The synergistic effect of Ce dopant/Cotton bio-template on the performance of the SnO2 gas sensor for the detection of Ethanol

Biomorphic Ce-doped SnO2 microtubules were fabricated and the sensing performances toward ethanol detection were studied. In this study, absorbent cotton is used as an eco-friendly and cost-efficient bio-template and Ce was used as a dopant. X-ray diffraction (XRD) and field emission scanning electron microscopy (FE-SEM) employed to investigate the chemical composition and microstructure of the synthesized materials. The sensitivity and response/recovery time of the fabricated sensors have been improved by incorporation of the heterostructures by facilitating catalytic activity and oxygen vacancy defects due to the redox reaction of Ce3+/Ce4+ and bio-template effect.
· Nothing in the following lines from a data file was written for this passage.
(* Let $G$ be an amenable group and, for $i=1,\ldots,n$, let $A_i\subseteq G$ have positive Banach density $d(A_i)=\alpha_i$. Let $\beta=\prod_{i=1}^n\alpha_i$, $0\le\varepsilon<\beta^2$, and $r=\left\lfloor\frac{\beta-\varepsilon}{\beta^2-\varepsilon}\right\rfloor$. Then $\bigcap_{i=1}^n\Delta_\varepsilon(A_i)$ is $r$-syndetic, and its lower Banach density is at least $1/r$.
   Context: A finite $K\subseteq G$ is $(H,\varepsilon)$-invariant if $K\ne\emptyset$ and $|hK\triangle K|/|K|<\varepsilon$ for all $h\in H$; $G$ is amenable if such $K$ exist for every finite $H\subseteq G$ and $\varepsilon>0$. $d(A)$ is the supremum of all $\alpha$ such that for every finite $H$ and $\varepsilon>0$ there is an $(H,\varepsilon)$-invariant $K$ with $|A\cap K|/|K|\ge\alpha$; the lower Banach density $\underline{d}(A)$ is the supremum of all $\alpha$ such that for some finite $H$ and some $\varepsilon>0$ every $(H,\varepsilon)$-invariant $K$ satisfies $|A\cap K|/|K|\ge\alpha$. $\Delta_\varepsilon(A)=\{g\in G\mid d(A\cap gA)>\varepsilon\}$. A set $S\subseteq G$ is $k$-syndetic if $G=FS$ for some $F\subseteq G$ with $|F|\le k$. *)

theory Defs
  imports "HOL-Analysis.Analysis"
begin

text \<open>The group G is the ambient type 'a of class group_add (not assumed commutative);
  the group operation is written +, so the left translate hK is (\<lambda>k. h + k) ` K.\<close>

definition ltrans :: "'a::group_add \<Rightarrow> 'a set \<Rightarrow> 'a set" where
  "ltrans h K = (\<lambda>k. h + k) ` K"

definition invariant_set :: "'a::group_add set \<Rightarrow> real \<Rightarrow> 'a set \<Rightarrow> bool" where
  "invariant_set H \<epsilon> K \<longleftrightarrow> finite K \<and> K \<noteq> {} \<and>
     (\<forall>h\<in>H. real (card (ltrans h K - K \<union> (K - ltrans h K))) / real (card K) < \<epsilon>)"

definition amenable :: "'a::group_add itself \<Rightarrow> bool" where
  "amenable _ \<longleftrightarrow> (\<forall>H::'a set. \<forall>\<epsilon>>0. finite H \<longrightarrow> (\<exists>K. invariant_set H \<epsilon> K))"

definition banach_density :: "'a::group_add set \<Rightarrow> real" where
  "banach_density A = Sup {\<alpha>. \<forall>H \<epsilon>. finite H \<and> \<epsilon> > 0 \<longrightarrow>
      (\<exists>K. invariant_set H \<epsilon> K \<and> real (card (A \<inter> K)) / real (card K) \<ge> \<alpha>)}"

definition lower_banach_density :: "'a::group_add set \<Rightarrow> real" where
  "lower_banach_density A = Sup {\<alpha>. \<exists>H \<epsilon>. finite H \<and> \<epsilon> > 0 \<and>
      (\<forall>K. invariant_set H \<epsilon> K \<longrightarrow> real (card (A \<inter> K)) / real (card K) \<ge> \<alpha>)}"

definition Delta :: "real \<Rightarrow> 'a::group_add set \<Rightarrow> 'a set" where
  "Delta \<epsilon> A = {g. banach_density (A \<inter> ltrans g A) > \<epsilon>}"

definition syndetic :: "nat \<Rightarrow> 'a::group_add set \<Rightarrow> bool" where
  "syndetic k S \<longleftrightarrow> (\<exists>F. finite F \<and> card F \<le> k \<and> UNIV = (\<Union>f\<in>F. ltrans f S))"

end

theory Submission
  imports Defs
begin

text \<open>
  Write \<open>\<alpha>\<^sub>i = d(A\<^sub>i)\<close>, \<open>\<beta> = \<Prod>\<alpha>\<^sub>i\<close> and \<open>S = \<Inter>\<^sub>i \<Delta>\<^sub>\<epsilon>(A\<^sub>i)\<close>.  Call \<open>g\<^sub>1, \<dots>, g\<^sub>m\<close>
  separated if \<open>-g\<^sub>j + g\<^sub>k \<notin> S\<close> for \<open>j < k\<close>.  A maximal separated list is a covering set, so \<open>S\<close>
  is \<open>m\<close>-syndetic, and a set covered by \<open>m\<close> translates has lower Banach density \<open>\<ge> 1/m\<close>.
  It remains to bound \<open>m\<close>: for each \<open>i\<close> choose a Folner window \<open>K\<^sub>i\<close> in which \<open>A\<^sub>i\<close> has density
  almost \<open>\<alpha>\<^sub>i\<close>; in the product \<open>\<Pi>\<^sub>i K\<^sub>i\<close> the \<open>m\<close> product sets \<open>\<Pi>\<^sub>i (g\<^sub>j + A\<^sub>i) \<inter> K\<^sub>i\<close> have relative
  size about \<open>\<beta>\<close> and pairwise overlaps of relative size about \<open>\<epsilon>\<close>.  Cauchy--Schwarz then gives
  \<open>m \<beta>\<^sup>2 - \<beta> \<le> (m - 1) \<epsilon>\<close>, i.e. \<open>m \<le> (\<beta> - \<epsilon>) / (\<beta>\<^sup>2 - \<epsilon>)\<close>.
\<close>

abbreviation ratio :: "'a set \<Rightarrow> 'a set \<Rightarrow> real" where
  "ratio B K \<equiv> real (card (B \<inter> K)) / real (card K)"

lemma inj_ltrans: "inj_on ((+) (g::'a::group_add)) X"
  by (rule inj_onI) simp

lemma card_ltrans [simp]: "card (ltrans g X) = card X"
  unfolding ltrans_def by (rule card_image[OF inj_ltrans])

lemma finite_ltrans [simp]: "finite (ltrans g X) \<longleftrightarrow> finite X"
  unfolding ltrans_def by (rule finite_image_iff[OF inj_ltrans])

lemma ltrans_Int: "ltrans g (X \<inter> Y) = ltrans g X \<inter> ltrans g Y"
  unfolding ltrans_def by (rule image_Int[OF inj_ltrans])

lemma ltrans_ltrans: "ltrans a (ltrans b X) = ltrans (a + b) X"
  unfolding ltrans_def by (auto simp: image_image add.assoc)

lemma ltrans_0 [simp]: "ltrans 0 X = X"
  by (simp add: ltrans_def)

lemma mem_ltrans: "x \<in> ltrans g X \<longleftrightarrow> -g + x \<in> X"
proof
  assume "x \<in> ltrans g X"
  then obtain y where "y \<in> X" "x = g + y" unfolding ltrans_def by auto
  then show "-g + x \<in> X" by (simp add: add.assoc[symmetric])
next
  assume "-g + x \<in> X"
  moreover have "x = g + (-g + x)" by (simp add: add.assoc[symmetric])
  ultimately show "x \<in> ltrans g X" unfolding ltrans_def by (rule rev_image_eqI)
qed

lemma ltrans_Int_shift: "ltrans g B \<inter> K = ltrans g (B \<inter> ltrans (-g) K)"
  by (simp add: ltrans_Int ltrans_ltrans)

lemma ltrans_Int_ltrans: "ltrans g A \<inter> ltrans g' A = ltrans g (A \<inter> ltrans (-g + g') A)"
  by (simp add: ltrans_Int ltrans_ltrans add.assoc[symmetric])

text \<open>The Banach density of \<open>A\<close> is then
  the supremum of the values that \<open>ratio A K\<close> reaches frequently along this filter, the lower
  Banach density the supremum of those it reaches eventually.\<close>

definition invariance :: "'a::group_add set filter" where
  "invariance = (INF p\<in>{p. finite (fst p) \<and> snd p > 0}. principal {K. invariant_set (fst p) (snd p) K})"

lemma invariant_set_mono:
  "invariant_set H e K \<Longrightarrow> H' \<subseteq> H \<Longrightarrow> e \<le> e' \<Longrightarrow> invariant_set H' e' K"
  unfolding invariant_set_def by fastforce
The 2%Ce-doped SnO2 on cotton bio-template showed enhanced response compared to pristine-SnO2 and Ce-doped SnO2 at 220 °C for ethanol detection. Results indicate that the response and recovery time of the structural modified SnO2 are reduced from 48 s/70 s to 16 s/40 s. The gas sensing properties of fabricated sensors were tested against four different VOCs including ethanol, acetone, methanol, and formaldehyde.